[Opening Exercise data section]
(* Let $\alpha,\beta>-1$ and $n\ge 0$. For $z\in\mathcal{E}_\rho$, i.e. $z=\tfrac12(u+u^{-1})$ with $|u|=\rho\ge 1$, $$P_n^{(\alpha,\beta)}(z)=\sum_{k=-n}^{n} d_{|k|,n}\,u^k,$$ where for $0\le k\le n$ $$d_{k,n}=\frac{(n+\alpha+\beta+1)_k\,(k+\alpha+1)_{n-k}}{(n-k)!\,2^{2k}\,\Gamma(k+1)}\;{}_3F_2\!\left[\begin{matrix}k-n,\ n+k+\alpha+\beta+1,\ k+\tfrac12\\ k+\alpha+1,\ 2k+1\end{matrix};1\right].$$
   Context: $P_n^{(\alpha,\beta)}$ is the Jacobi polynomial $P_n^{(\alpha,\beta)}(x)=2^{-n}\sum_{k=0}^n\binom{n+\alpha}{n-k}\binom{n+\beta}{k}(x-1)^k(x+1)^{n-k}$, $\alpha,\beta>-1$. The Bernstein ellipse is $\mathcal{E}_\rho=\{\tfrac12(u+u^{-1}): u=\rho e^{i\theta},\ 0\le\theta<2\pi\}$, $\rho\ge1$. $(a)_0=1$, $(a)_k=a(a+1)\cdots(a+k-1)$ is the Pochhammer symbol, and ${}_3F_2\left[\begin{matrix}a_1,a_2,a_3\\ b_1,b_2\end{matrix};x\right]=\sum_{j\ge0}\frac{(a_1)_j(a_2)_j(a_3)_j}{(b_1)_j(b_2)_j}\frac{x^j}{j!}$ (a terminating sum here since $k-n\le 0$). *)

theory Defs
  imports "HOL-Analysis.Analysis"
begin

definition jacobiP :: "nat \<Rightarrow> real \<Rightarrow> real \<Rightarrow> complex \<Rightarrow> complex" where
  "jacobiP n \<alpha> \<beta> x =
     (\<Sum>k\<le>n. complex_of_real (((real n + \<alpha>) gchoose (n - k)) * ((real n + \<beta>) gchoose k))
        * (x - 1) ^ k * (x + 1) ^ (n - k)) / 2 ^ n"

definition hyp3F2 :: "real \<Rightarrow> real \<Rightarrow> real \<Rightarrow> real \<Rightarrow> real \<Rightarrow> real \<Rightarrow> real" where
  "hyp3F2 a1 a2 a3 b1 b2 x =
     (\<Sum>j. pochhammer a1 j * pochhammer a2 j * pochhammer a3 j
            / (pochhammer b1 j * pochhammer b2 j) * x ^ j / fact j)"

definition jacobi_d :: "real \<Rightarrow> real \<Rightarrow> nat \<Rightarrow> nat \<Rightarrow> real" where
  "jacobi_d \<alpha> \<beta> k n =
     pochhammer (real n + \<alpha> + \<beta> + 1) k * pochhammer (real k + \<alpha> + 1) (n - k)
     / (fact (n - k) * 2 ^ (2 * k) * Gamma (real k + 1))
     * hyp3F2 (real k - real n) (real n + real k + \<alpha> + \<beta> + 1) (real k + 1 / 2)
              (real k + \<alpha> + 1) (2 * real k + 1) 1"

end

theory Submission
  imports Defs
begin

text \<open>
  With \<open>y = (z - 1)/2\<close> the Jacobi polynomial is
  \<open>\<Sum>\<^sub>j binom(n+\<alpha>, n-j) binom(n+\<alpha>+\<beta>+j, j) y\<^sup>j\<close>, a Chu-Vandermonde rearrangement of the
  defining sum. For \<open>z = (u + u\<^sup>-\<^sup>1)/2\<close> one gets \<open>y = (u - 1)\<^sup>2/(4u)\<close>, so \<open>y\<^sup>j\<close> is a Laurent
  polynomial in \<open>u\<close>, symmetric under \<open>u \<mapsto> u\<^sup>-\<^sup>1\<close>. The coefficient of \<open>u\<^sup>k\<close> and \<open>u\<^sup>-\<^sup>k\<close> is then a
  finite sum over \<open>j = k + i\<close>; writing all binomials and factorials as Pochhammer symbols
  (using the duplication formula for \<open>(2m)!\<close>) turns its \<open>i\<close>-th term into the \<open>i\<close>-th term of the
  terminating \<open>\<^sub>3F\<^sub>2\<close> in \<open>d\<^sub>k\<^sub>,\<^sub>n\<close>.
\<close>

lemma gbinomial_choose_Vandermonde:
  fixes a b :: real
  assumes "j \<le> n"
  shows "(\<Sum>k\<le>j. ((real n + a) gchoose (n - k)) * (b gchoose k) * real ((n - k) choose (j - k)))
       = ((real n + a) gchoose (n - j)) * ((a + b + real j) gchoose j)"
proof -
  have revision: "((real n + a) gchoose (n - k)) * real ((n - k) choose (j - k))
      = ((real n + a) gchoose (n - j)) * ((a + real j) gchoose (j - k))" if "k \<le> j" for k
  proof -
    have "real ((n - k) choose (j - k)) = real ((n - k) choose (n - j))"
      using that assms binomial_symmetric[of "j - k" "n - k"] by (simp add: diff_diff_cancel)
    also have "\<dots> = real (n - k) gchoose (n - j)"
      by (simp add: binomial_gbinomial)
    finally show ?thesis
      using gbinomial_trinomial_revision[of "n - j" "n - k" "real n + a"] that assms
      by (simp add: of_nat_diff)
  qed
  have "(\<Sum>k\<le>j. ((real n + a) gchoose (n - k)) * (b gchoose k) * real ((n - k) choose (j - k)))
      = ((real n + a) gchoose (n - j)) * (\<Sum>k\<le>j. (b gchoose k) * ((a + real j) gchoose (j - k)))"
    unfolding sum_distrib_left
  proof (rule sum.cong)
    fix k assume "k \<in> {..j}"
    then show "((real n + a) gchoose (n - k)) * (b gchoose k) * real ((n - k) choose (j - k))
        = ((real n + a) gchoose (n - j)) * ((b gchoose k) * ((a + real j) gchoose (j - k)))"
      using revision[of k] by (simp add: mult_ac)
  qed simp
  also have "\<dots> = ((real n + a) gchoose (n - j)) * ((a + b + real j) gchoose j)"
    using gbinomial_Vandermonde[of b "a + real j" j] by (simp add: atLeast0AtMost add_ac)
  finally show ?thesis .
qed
[Closing Exercise data section]
[Opening Exercise data section]
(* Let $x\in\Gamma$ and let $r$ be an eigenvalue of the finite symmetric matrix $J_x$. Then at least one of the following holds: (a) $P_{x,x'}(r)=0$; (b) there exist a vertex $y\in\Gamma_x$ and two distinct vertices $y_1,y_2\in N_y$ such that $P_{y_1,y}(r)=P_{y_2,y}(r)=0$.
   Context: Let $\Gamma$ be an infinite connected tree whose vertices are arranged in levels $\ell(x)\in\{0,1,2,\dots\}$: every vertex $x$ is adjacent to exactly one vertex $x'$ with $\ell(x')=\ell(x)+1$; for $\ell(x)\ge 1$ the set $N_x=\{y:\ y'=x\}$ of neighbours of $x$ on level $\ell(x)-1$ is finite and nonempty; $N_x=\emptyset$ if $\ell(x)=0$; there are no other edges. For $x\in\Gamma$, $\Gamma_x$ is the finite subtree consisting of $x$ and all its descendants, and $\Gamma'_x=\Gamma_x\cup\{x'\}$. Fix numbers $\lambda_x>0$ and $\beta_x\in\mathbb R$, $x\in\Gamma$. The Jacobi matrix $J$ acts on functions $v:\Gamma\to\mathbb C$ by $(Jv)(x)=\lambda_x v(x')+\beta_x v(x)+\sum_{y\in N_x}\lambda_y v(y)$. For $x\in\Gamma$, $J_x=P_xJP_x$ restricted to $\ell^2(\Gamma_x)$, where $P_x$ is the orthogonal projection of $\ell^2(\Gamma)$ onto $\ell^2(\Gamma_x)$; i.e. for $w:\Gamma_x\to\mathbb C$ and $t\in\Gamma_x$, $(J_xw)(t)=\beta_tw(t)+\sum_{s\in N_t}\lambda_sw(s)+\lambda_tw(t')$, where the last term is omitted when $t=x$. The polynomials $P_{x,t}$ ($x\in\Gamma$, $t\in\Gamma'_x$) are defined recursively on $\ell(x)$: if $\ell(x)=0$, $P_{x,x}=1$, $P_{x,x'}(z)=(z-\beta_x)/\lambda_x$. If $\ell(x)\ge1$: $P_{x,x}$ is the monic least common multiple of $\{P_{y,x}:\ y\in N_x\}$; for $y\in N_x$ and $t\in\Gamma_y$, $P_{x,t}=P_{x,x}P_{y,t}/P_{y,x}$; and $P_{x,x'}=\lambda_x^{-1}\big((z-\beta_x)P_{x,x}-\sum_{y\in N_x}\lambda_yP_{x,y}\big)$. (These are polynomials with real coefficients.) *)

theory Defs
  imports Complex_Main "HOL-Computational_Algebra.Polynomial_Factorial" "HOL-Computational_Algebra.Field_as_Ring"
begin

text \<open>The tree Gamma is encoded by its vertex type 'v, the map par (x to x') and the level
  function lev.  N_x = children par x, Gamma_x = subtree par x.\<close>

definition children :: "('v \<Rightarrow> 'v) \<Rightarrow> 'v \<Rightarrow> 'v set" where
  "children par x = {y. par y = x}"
[Closing Exercise data section]
[Opening Exercise data section]
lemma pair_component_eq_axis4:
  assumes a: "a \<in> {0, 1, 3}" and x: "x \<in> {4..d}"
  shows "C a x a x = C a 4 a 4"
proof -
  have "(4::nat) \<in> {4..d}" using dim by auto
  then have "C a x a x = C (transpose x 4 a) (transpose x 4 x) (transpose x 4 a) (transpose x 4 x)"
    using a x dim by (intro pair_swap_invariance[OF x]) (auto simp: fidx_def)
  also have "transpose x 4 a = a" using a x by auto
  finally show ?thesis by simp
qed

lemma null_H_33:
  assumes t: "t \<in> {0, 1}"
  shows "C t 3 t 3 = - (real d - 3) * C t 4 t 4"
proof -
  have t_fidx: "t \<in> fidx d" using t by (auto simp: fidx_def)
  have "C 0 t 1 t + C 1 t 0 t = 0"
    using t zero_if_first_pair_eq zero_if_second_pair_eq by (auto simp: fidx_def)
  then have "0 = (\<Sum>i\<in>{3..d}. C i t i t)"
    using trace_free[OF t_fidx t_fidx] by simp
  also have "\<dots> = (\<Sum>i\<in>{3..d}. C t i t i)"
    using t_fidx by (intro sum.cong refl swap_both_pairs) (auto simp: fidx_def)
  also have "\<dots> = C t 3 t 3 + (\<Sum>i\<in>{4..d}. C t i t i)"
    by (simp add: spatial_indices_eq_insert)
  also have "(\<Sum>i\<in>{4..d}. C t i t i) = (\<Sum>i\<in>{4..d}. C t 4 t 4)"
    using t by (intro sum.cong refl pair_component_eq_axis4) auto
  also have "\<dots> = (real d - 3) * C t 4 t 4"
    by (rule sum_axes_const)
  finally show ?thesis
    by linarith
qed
[Closing Exercise data section]
Please return all lines above in which the string "auto" is found.

  have "(4::nat) \<in> {4..d}" using dim by auto
    using a x dim by (intro pair_swap_invariance[OF x]) (auto simp: fidx_def)
  also have "transpose x 4 a = a" using a x by auto
  have t_fidx: "t \<in> fidx d" using t by (auto simp: fidx_def)
    using t zero_if_first_pair_eq zero_if_second_pair_eq by (auto simp: fidx_def)
    using t_fidx by (intro sum.cong refl swap_both_pairs) (auto simp: fidx_def)
    using t by (intro sum.cong refl pair_component_eq_axis4) auto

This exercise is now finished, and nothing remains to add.